ABOUT THIS EXERCISE >>
Which lines below fall between the one containing "(\<lambda>n. cprob (m n) (\<lambda>\<omega>. \<exists>i<m" and the one containing "of these blocks"? Repeat them exactly, counting both of those lines, and add nothing else.

DATA UNDER STUDY >>

(* Let $(l_n)$ and $(k_n)$ be sequences of positive integers such that $$\lim_{n\to\infty}\Big(1-\frac{1}{2^{l_n}}\Big)^{k_n}=1\quad\text{and}\quad \lim_{n\to\infty}\frac{k_nl_n}{2^{l_n}}=\infty.$$ Then the sequence of functions $f_n:\{-1,1\}^{l_nk_n}\to\{-1,0,1\}$, $f_n(\omega):=\mathsf{Tribes}(l_n,k_n)(\omega)-\mathsf{Tribes}(l_n,k_n)(-\omega)$, is bribable. Moreover, there is a sequence of positive integers $a_n\to\infty$ such that $\mathbb{P}[|\mathscr{P}_n|>a_n]\to1$, where $\mathscr{P}_n$ is the pivotal set of $\mathsf{Tribes}(l_n,k_n)$.
   Context: $\{-1,1\}^{m}$ carries the uniform product measure $\mathbb{P}$, $\omega$ uniform. $\mathsf{Tribes}(l,k):\{-1,1\}^{lk}\to\{0,1\}$: the $lk$ coordinates are partitioned into $k$ disjoint blocks ("tribes") of $l$ elements each; $\mathsf{Tribes}(l,k)(\omega)=1$ if there is a tribe $T$ with $\omega(i)=1$ for all $i\in T$, and $0$ otherwise. For $i$ a coordinate, $\omega^i$ is $\omega$ with the $i$-th coordinate flipped; the pivotal set of a function $g$ is $\{i: g(\omega)\neq g(\omega^i)\}$. A function $f$ on $\{-1,1\}^m$ is transitive if there is a group of permutations of the coordinates acting transitively under which $f$ is invariant. A sequence $f_n:\{-1,1\}^{m_n}\to\{-1,0,1\}$ is called bribable if: (1) each $f_n$ is transitive; (2) $\lim_n\mathbb{P}[f_n=0]=1$; (3) $\lim_n\mathbb{P}[\exists\, i,j\in[m_n]: f_n(\omega^i)=1\text{ and }f_n(\omega^j)=-1]=1$. *)

theory Defs
  imports "HOL-Analysis.Analysis" "HOL-Combinatorics.Permutations"
begin

definition cube :: "nat \<Rightarrow> (nat \<Rightarrow> int) set" where
  "cube m = PiE {0..<m} (\<lambda>_. {-1, 1})"

definition cprob :: "nat \<Rightarrow> ((nat \<Rightarrow> int) \<Rightarrow> bool) \<Rightarrow> real" where
  "cprob m P = real (card {\<omega> \<in> cube m. P \<omega>}) / real (card (cube m))"

definition flip :: "(nat \<Rightarrow> int) \<Rightarrow> nat \<Rightarrow> (nat \<Rightarrow> int)" where
  "flip \<omega> i = fun_upd \<omega> i (- \<omega> i)"

definition neg :: "nat \<Rightarrow> (nat \<Rightarrow> int) \<Rightarrow> (nat \<Rightarrow> int)" where
  "neg m \<omega> = (\<lambda>i\<in>{0..<m}. - \<omega> i)"

definition tribes :: "nat \<Rightarrow> nat \<Rightarrow> (nat \<Rightarrow> int) \<Rightarrow> int" where
  "tribes l k \<omega> = (if \<exists>j<k. \<forall>i\<in>{j*l..<(j+1)*l}. \<omega> i = 1 then 1 else 0)"

definition pivotal :: "nat \<Rightarrow> ((nat \<Rightarrow> int) \<Rightarrow> int) \<Rightarrow> (nat \<Rightarrow> int) \<Rightarrow> nat set" where
  "pivotal m g \<omega> = {i \<in> {0..<m}. g \<omega> \<noteq> g (flip \<omega> i)}"

definition transitive_fun :: "nat \<Rightarrow> ((nat \<Rightarrow> int) \<Rightarrow> int) \<Rightarrow> bool" where
  "transitive_fun m f \<longleftrightarrow>
     (\<exists>G. G \<subseteq> {\<pi>. \<pi> permutes {0..<m}} \<and> id \<in> G \<and>
          (\<forall>\<pi>\<in>G. \<forall>\<sigma>\<in>G. \<pi> \<circ> \<sigma> \<in> G) \<and> (\<forall>\<pi>\<in>G. inv \<pi> \<in> G) \<and>
          (\<forall>i<m. \<forall>j<m. \<exists>\<pi>\<in>G. \<pi> i = j) \<and>
          (\<forall>\<pi>\<in>G. \<forall>\<omega>\<in>cube m. f (restrict (\<omega> \<circ> \<pi>) {0..<m}) = f \<omega>))"

definition bribable :: "(nat \<Rightarrow> nat) \<Rightarrow> (nat \<Rightarrow> (nat \<Rightarrow> int) \<Rightarrow> int) \<Rightarrow> bool" where
  "bribable m f \<longleftrightarrow>
     (\<forall>n. \<forall>\<omega>\<in>cube (m n). f n \<omega> \<in> {-1, 0, 1}) \<and>
     (\<forall>n. transitive_fun (m n) (f n)) \<and>
     (\<lambda>n. cprob (m n) (\<lambda>\<omega>. f n \<omega> = 0)) \<longlonglongrightarrow> 1 \<and>
     (\<lambda>n. cprob (m n) (\<lambda>\<omega>. \<exists>i<m n. \<exists>j<m n. f n (flip \<omega> i) = 1 \<and> f n (flip \<omega> j) = -1))
        \<longlonglongrightarrow> 1"

end

(*
  The k tribes are independent blocks of l coordinates, and q = (1 - 2^-l)^k is the
  probability that no block is constantly 1 (or, by symmetry, constantly -1). Hence f
  vanishes off an event of probability at most 2 (1 - q), which tends to 0.
  Call a block almost uniform if exactly one of its coordinates differs from the others:
  flipping that coordinate makes it uniform. Blocks that are almost 1 and almost -1 both
  occur with probability at least 1 - 2 (1 - l 2^-l)^k >= 1 - 2 exp (-x), where
  x = k l 2^-l tends to infinity; if moreover no block is uniform, one flip moves f to 1
  and another moves f to -1.
  For the pivotal set, split the blocks into about sqrt x groups of consecutive blocks. With
  high probability every group contains an almost-1 block and no block is all 1; then each
  of these blocks contains a pivotal coordinate of Tribes, so the pivotal set has at least
  about sqrt x elements.
*)

theory Submission
  imports Defs
begin

section \<open>Uniform probability on the cube\<close>

lemma finite_cube: "finite (cube m)"
  unfolding cube_def by (simp add: finite_PiE)

lemma card_cube: "card (cube m) = 2 ^ m"
  unfolding cube_def by (simp add: card_PiE numeral_2_eq_2)

lemma cprob_le_1: "cprob m P \<le> 1"
proof -
  have "card {\<omega>\<in>cube m. P \<omega>} \<le> card (cube m)"
    by (intro card_mono finite_cube) auto
  moreover have "card (cube m) > 0"
    by (simp add: card_cube)
  ultimately show ?thesis
    unfolding cprob_def by simp
qed

lemma cprob_mono:
  assumes "\<And>\<omega>. \<omega> \<in> cube m \<Longrightarrow> P \<omega> \<Longrightarrow> Q \<omega>"
  shows "cprob m P \<le> cprob m Q"
proof -
  have "card {\<omega>\<in>cube m. P \<omega>} \<le> card {\<omega>\<in>cube m. Q \<omega>}"
    using assms by (intro card_mono) (auto simp: finite_cube)
  then show ?thesis
    unfolding cprob_def by (simp add: divide_right_mono)
qed

lemma cprob_not: "cprob m (\<lambda>\<omega>. \<not> P \<omega>) = 1 - cprob m P"
proof -
  have sub: "{\<omega>\<in>cube m. P \<omega>} \<subseteq> cube m"
    by auto
  have "{\<omega>\<in>cube m. \<not> P \<omega>} = cube m - {\<omega>\<in>cube m. P \<omega>}"
    by auto
  then have "card {\<omega>\<in>cube m. \<not> P \<omega>} = card (cube m) - card {\<omega>\<in>cube m. P \<omega>}"
    using card_Diff_subset[OF finite_subset[OF sub finite_cube] sub] by simp
  then have "real (card {\<omega>\<in>cube m. \<not> P \<omega>}) = real (card (cube m)) - real (card {\<omega>\<in>cube m. P \<omega>})"
    using card_mono[OF finite_cube sub] by simp
  moreover have "card (cube m) > 0"
    by (simp add: card_cube)
  ultimately show ?thesis
    unfolding cprob_def by (simp add: diff_divide_distrib)
qed

lemma cprob_disj_le: "cprob m (\<lambda>\<omega>. P \<omega> \<or> Q \<omega>) \<le> cprob m P + cprob m Q"
proof -
  have "{\<omega>\<in>cube m. P \<omega> \<or> Q \<omega>} = {\<omega>\<in>cube m. P \<omega>} \<union> {\<omega>\<in>cube m. Q \<omega>}"
    by auto
  then have "card {\<omega>\<in>cube m. P \<omega> \<or> Q \<omega>} \<le> card {\<omega>\<in>cube m. P \<omega>} + card {\<omega>\<in>cube m. Q \<omega>}"
    by (simp add: card_Un_le)
  then show ?thesis
    unfolding cprob_def by (simp add: add_divide_distrib[symmetric] divide_right_mono)
qed

lemma cprob_Ex_le: "cprob m (\<lambda>\<omega>. \<exists>g<(G::nat). P g \<omega>) \<le> (\<Sum>g<G. cprob m (P g))"
proof -
  have "{\<omega>\<in>cube m. \<exists>g<G. P g \<omega>} = (\<Union>g<G. {\<omega>\<in>cube m. P g \<omega>})"
    by auto
  also have "card \<dots> \<le> (\<Sum>g<G. card {\<omega>\<in>cube m. P g \<omega>})"
    by (rule card_UN_le) simp
  finally have "real (card {\<omega>\<in>cube m. \<exists>g<G. P g \<omega>}) \<le> (\<Sum>g<G. real (card {\<omega>\<in>cube m. P g \<omega>}))"
    unfolding of_nat_sum[symmetric] of_nat_le_iff .
  then show ?thesis
    unfolding cprob_def sum_divide_distrib[symmetric] by (simp add: divide_right_mono)
qed

lemma cprob_conj_ge: "cprob m P + cprob m Q - 1 \<le> cprob m (\<lambda>\<omega>. P \<omega> \<and> Q \<omega>)"
proof -
  have "cprob m (\<lambda>\<omega>. \<not> (P \<omega> \<and> Q \<omega>)) \<le> cprob m (\<lambda>\<omega>. \<not> P \<omega> \<or> \<not> Q \<omega>)"
    by (rule cprob_mono) simp
  also have "\<dots> \<le> cprob m (\<lambda>\<omega>. \<not> P \<omega>) + cprob m (\<lambda>\<omega>. \<not> Q \<omega>)"
    by (rule cprob_disj_le)
  finally show ?thesis
    unfolding cprob_not by linarith
qed

section \<open>Blocks\<close>

definition block :: "nat \<Rightarrow> nat \<Rightarrow> (nat \<Rightarrow> int) \<Rightarrow> (nat \<Rightarrow> int)" where
  "block l j \<omega> = (\<lambda>i\<in>{0..<l}. \<omega> (j * l + i))"

lemma block_index_less: "j < k \<Longrightarrow> i < l \<Longrightarrow> j * l + i < l * (k::nat)"
proof -
  assume "j < k" "i < l"
  then have "j * l + i < Suc j * l"
    by simp
  also have "\<dots> \<le> k * l"
    using \<open>j < k\<close> by (intro mult_le_mono1) simp
  finally show ?thesis
    by (simp add: mult.commute)
qed

lemma div_less_of_less_mult: "i < l * k \<Longrightarrow> i div l < (k::nat)"
  using less_mult_imp_div_less[of i k l] by (simp add: mult.commute)

lemma mod_less_of_less_mult: "i < l * k \<Longrightarrow> i mod l < (l::nat)"
  by (cases "l = 0") auto

lemma block_in_cube: "\<omega> \<in> cube (l * k) \<Longrightarrow> j < k \<Longrightarrow> block l j \<omega> \<in> cube l"
  using block_index_less[of j k _ l] unfolding cube_def block_def by (auto simp: PiE_iff)

lemma bij_betw_blocks:
  "bij_betw (\<lambda>\<omega>. \<lambda>j\<in>{..<k}. block l j \<omega>) (cube (l * k)) (PiE {..<k} (\<lambda>_. cube l))"
proof -
  let ?split = "\<lambda>\<omega>. \<lambda>j\<in>{..<k}. block l j \<omega>"
  let ?join = "\<lambda>\<tau>. \<lambda>i\<in>{0..<l * k}. \<tau> (i div l) (i mod l)"
  show ?thesis
  proof (rule bij_betw_byWitness[where f' = ?join])
    show "\<forall>\<omega>\<in>cube (l * k). ?join (?split \<omega>) = \<omega>"
    proof
      fix \<omega> assume \<omega>: "\<omega> \<in> cube (l * k)"
      show "?join (?split \<omega>) = \<omega>"
      proof
        fix i
        show "?join (?split \<omega>) i = \<omega> i"
        proof (cases "i < l * k")
          case True
          then show ?thesis
            using div_less_of_less_mult[OF True] mod_less_of_less_mult[OF True] by (simp add: block_def)
        next
          case False
          then show ?thesis
            using PiE_arb[OF \<omega>[unfolded cube_def], of i] by simp
        qed
      qed
    qed
    show "\<forall>\<tau>\<in>PiE {..<k} (\<lambda>_. cube l). ?split (?join \<tau>) = \<tau>"
    proof
      fix \<tau> assume \<tau>: "\<tau> \<in> PiE {..<k} (\<lambda>_. cube l)"
      have "block l j (?join \<tau>) = \<tau> j" if "j < k" for j
      proof
        fix i
        have "\<tau> j \<in> cube l"
          using \<tau> that by auto
        then have "\<tau> j i = undefined" if "\<not> i < l"
          using that by (simp add: cube_def PiE_def extensional_def)
        then show "block l j (?join \<tau>) i = \<tau> j i"
          using block_index_less[OF \<open>j < k\<close>, of i l] by (simp add: block_def)
      qed
      then show "?split (?join \<tau>) = \<tau>"
        using PiE_arb[OF \<tau>] by auto
    qed
    show "?split ` cube (l * k) \<subseteq> PiE {..<k} (\<lambda>_. cube l)"
      by (auto simp: restrict_PiE_iff block_in_cube)
    show "?join ` PiE {..<k} (\<lambda>_. cube l) \<subseteq> cube (l * k)"
    proof (rule image_subsetI)
      fix \<tau> assume \<tau>: "\<tau> \<in> PiE {..<k} (\<lambda>_. cube l)"
      have "\<tau> (i div l) (i mod l) \<in> {-1, 1}" if "i < l * k" for i
      proof -
        have row: "\<tau> (i div l) \<in> PiE {0..<l} (\<lambda>_. {-1, 1})"
          using PiE_mem[OF \<tau>] div_less_of_less_mult[OF that] by (simp add: cube_def)
        show ?thesis
          using PiE_mem[OF row] mod_less_of_less_mult[OF that] by simp
      qed
      then show "?join \<tau> \<in> cube (l * k)"
        by (simp add: cube_def restrict_PiE_iff)
    qed
  qed
qed

lemma card_Collect_bij_betw:
  assumes "bij_betw f A C"
  shows "card {x\<in>A. P (f x)} = card {y\<in>C. P y}"
proof -
  have "f ` {x\<in>A. P (f x)} = {y\<in>C. P y}"
    using bij_betw_imp_surj_on[OF assms] by auto
  then show ?thesis
    using bij_betw_same_card[OF bij_betw_subset[OF assms]] by auto
qed

lemma cprob_blocks: "cprob (l * k) (\<lambda>\<omega>. \<forall>j<k. Q j (block l j \<omega>)) = (\<Prod>j<k. cprob l (Q j))"
proof -
  have "card {\<omega>\<in>cube (l * k). \<forall>j<k. Q j (block l j \<omega>)}
      = card {\<tau>\<in>PiE {..<k} (\<lambda>_. cube l). \<forall>j<k. Q j (\<tau> j)}"
    using card_Collect_bij_betw[OF bij_betw_blocks[of l k], where P = "\<lambda>\<tau>. \<forall>j<k. Q j (\<tau> j)"] by simp
  also have "{\<tau>\<in>PiE {..<k} (\<lambda>_. cube l). \<forall>j<k. Q j (\<tau> j)} = PiE {..<k} (\<lambda>j. {\<sigma>\<in>cube l. Q j \<sigma>})"
    by (auto simp: PiE_iff extensional_def)
  also have "card \<dots> = (\<Prod>j<k. card {\<sigma>\<in>cube l. Q j \<sigma>})"
    by (rule card_PiE) simp
  finally show ?thesis
    unfolding cprob_def card_cube by (simp add: power_mult prod_dividef)
qed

TASK RESPONSE >>
     (\<lambda>n. cprob (m n) (\<lambda>\<omega>. \<exists>i<m n. \<exists>j<m n. f n (flip \<omega> i) = 1 \<and> f n (flip \<omega> j) = -1))
        \<longlonglongrightarrow> 1"

end

(*
  The k tribes are independent blocks of l coordinates, and q = (1 - 2^-l)^k is the
  probability that no block is constantly 1 (or, by symmetry, constantly -1). Hence f
  vanishes off an event of probability at most 2 (1 - q), which tends to 0.
  Call a block almost uniform if exactly one of its coordinates differs from the others:
  flipping that coordinate makes it uniform. Blocks that are almost 1 and almost -1 both
  occur with probability at least 1 - 2 (1 - l 2^-l)^k >= 1 - 2 exp (-x), where
  x = k l 2^-l tends to infinity; if moreover no block is uniform, one flip moves f to 1
  and another moves f to -1.
  For the pivotal set, split the blocks into about sqrt x groups of consecutive blocks. With
  high probability every group contains an almost-1 block and no block is all 1; then each
  of these blocks contains a pivotal coordinate of Tribes, so the pivotal set has at least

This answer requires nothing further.